### EXERCISE INSTRUCTIONS
Print exactly the lines below between the line holding "(\<forall>i \<le> D." and the line holding "j \<and> gdist", inclusive, and nothing more.

(Stored data entries)
********

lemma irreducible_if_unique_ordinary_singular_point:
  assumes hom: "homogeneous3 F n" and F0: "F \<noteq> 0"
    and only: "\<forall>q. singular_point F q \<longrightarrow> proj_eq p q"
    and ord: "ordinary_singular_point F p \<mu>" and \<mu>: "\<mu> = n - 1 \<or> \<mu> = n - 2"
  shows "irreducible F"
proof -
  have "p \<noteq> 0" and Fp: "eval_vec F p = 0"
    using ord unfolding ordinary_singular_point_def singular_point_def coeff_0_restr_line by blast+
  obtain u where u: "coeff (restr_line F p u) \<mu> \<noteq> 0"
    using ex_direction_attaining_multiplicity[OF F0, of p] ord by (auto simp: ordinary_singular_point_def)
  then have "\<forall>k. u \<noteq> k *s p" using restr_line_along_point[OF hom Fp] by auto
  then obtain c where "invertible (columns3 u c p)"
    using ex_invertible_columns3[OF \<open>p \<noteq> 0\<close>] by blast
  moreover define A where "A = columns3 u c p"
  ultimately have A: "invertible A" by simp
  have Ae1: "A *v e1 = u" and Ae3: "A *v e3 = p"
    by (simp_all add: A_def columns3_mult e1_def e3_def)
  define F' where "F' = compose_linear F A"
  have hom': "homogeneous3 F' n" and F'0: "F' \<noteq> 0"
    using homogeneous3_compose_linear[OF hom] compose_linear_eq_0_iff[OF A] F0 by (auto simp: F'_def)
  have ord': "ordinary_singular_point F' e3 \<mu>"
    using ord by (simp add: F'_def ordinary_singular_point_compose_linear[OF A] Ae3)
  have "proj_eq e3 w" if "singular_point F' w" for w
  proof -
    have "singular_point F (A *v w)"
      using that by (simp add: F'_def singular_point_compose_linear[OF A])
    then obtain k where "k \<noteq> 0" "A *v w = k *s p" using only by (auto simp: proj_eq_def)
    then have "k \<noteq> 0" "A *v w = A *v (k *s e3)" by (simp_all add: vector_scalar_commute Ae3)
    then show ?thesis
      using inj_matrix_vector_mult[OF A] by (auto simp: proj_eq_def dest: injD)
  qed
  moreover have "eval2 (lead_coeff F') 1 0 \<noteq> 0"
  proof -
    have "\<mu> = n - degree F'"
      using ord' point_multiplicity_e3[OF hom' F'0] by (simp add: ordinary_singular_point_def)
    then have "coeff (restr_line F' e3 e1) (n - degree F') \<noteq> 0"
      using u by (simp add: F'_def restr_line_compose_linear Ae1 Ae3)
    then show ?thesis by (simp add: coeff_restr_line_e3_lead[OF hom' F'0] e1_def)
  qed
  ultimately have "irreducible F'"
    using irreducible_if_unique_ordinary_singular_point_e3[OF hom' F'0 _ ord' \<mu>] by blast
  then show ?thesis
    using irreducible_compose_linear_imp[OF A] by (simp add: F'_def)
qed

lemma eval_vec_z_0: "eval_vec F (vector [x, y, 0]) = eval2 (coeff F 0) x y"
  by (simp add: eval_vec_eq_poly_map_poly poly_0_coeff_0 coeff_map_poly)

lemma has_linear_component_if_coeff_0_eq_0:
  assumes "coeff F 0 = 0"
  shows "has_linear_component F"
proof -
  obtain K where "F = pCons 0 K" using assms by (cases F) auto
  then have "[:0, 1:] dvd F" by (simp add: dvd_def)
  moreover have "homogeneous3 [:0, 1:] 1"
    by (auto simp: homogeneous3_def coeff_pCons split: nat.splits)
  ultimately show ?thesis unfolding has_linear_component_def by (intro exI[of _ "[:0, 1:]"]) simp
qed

********

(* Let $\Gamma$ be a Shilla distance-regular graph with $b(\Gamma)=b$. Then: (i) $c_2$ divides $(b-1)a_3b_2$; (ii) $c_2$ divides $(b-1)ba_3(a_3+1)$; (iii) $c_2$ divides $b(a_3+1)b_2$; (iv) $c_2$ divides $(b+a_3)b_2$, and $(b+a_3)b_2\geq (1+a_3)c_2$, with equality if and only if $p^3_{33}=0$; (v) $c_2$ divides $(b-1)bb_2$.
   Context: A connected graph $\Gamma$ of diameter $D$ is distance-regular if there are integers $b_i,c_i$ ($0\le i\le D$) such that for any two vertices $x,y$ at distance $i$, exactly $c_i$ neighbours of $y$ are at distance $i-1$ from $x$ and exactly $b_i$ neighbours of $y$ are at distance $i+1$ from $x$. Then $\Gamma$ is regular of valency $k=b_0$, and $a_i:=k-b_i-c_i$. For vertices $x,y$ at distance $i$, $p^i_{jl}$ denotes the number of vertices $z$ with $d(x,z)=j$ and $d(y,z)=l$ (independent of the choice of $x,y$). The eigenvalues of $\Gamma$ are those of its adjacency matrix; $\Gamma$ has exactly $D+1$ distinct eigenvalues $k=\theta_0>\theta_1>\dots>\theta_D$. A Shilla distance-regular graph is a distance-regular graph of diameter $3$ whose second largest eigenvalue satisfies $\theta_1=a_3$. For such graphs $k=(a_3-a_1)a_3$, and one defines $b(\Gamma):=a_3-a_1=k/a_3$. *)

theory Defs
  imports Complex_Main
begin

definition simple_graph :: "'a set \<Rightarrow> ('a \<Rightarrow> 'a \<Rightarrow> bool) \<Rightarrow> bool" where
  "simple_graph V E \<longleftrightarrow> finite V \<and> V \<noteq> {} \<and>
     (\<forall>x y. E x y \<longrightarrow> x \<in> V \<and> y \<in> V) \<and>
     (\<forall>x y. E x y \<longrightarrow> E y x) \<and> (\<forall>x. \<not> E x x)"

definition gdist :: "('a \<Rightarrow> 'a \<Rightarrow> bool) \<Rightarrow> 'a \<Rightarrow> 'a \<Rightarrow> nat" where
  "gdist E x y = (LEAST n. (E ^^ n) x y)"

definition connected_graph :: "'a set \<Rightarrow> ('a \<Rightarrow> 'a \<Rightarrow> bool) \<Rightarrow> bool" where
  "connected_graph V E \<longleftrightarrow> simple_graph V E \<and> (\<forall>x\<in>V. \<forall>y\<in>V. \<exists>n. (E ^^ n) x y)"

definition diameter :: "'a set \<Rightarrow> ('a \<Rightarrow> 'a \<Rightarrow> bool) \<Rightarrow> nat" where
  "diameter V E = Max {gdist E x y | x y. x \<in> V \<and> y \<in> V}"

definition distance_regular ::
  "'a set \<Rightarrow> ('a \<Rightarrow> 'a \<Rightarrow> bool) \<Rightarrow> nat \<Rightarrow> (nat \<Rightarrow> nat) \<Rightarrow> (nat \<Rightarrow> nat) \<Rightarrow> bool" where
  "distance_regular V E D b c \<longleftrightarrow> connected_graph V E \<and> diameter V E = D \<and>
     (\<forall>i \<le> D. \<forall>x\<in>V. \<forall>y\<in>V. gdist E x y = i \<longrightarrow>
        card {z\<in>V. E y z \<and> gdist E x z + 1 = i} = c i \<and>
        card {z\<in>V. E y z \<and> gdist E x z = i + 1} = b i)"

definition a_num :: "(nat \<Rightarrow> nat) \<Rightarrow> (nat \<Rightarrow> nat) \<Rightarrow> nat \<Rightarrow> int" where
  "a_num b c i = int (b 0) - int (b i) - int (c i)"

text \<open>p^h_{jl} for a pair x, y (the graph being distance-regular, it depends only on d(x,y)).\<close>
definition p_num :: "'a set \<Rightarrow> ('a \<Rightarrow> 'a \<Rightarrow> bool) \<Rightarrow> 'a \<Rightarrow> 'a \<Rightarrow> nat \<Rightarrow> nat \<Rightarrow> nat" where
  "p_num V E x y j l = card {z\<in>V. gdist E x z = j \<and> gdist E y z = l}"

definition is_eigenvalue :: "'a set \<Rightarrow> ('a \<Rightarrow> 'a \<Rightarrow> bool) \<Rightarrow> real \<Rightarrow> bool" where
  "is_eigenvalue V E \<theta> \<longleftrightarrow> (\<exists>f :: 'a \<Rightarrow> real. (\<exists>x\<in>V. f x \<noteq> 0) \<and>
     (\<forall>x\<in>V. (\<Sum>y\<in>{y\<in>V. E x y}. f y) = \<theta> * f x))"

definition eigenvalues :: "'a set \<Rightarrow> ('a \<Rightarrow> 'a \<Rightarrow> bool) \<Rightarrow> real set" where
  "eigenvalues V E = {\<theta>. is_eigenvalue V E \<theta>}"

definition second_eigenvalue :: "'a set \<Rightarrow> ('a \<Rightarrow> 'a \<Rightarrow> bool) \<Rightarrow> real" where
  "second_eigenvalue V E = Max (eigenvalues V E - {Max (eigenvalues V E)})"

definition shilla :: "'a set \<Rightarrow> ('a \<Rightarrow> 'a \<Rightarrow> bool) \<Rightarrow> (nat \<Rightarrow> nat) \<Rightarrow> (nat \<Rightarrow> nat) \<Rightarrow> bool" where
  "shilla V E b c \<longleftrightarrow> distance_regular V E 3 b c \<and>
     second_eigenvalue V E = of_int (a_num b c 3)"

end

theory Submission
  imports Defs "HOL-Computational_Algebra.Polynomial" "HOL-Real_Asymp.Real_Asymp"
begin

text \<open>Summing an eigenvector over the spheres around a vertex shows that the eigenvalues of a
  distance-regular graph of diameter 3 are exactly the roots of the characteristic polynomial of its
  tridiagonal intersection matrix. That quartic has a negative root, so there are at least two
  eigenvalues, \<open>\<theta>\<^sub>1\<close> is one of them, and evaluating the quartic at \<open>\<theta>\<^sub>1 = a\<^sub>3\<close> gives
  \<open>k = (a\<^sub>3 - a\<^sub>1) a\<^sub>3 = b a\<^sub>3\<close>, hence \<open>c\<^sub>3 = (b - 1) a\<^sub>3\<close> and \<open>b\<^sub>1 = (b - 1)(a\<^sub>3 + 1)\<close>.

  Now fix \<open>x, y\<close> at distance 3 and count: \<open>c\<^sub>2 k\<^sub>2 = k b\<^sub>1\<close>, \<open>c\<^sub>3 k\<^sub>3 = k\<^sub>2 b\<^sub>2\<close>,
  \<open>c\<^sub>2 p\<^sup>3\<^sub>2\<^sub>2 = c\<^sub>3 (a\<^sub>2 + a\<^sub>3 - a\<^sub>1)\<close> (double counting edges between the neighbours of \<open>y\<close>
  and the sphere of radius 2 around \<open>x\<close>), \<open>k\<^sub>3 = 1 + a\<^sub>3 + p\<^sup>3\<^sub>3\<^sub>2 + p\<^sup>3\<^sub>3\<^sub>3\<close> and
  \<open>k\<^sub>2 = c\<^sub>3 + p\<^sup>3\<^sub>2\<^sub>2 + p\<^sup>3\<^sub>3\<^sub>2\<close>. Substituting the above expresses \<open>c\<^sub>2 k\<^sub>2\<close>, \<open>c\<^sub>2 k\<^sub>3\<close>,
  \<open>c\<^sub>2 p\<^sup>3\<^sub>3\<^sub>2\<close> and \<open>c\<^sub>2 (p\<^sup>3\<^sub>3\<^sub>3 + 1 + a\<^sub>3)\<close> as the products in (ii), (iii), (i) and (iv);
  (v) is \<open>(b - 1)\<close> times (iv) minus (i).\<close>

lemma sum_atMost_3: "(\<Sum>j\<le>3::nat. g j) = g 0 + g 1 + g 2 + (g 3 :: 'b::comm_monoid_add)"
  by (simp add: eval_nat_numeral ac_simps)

********

### OUTPUT FOR THIS EXERCISE
     (\<forall>i \<le> D. \<forall>x\<in>V. \<forall>y\<in>V. gdist E x y = i \<longrightarrow>
        card {z\<in>V. E y z \<and> gdist E x z + 1 = i} = c i \<and>
        card {z\<in>V. E y z \<and> gdist E x z = i + 1} = b i)"

definition a_num :: "(nat \<Rightarrow> nat) \<Rightarrow> (nat \<Rightarrow> nat) \<Rightarrow> nat \<Rightarrow> int" where
  "a_num b c i = int (b 0) - int (b i) - int (c i)"

text \<open>p^h_{jl} for a pair x, y (the graph being distance-regular, it depends only on d(x,y)).\<close>
definition p_num :: "'a set \<Rightarrow> ('a \<Rightarrow> 'a \<Rightarrow> bool) \<Rightarrow> 'a \<Rightarrow> 'a \<Rightarrow> nat \<Rightarrow> nat \<Rightarrow> nat" where
  "p_num V E x y j l = card {z\<in>V. gdist E x z = j \<and> gdist E y z = l}"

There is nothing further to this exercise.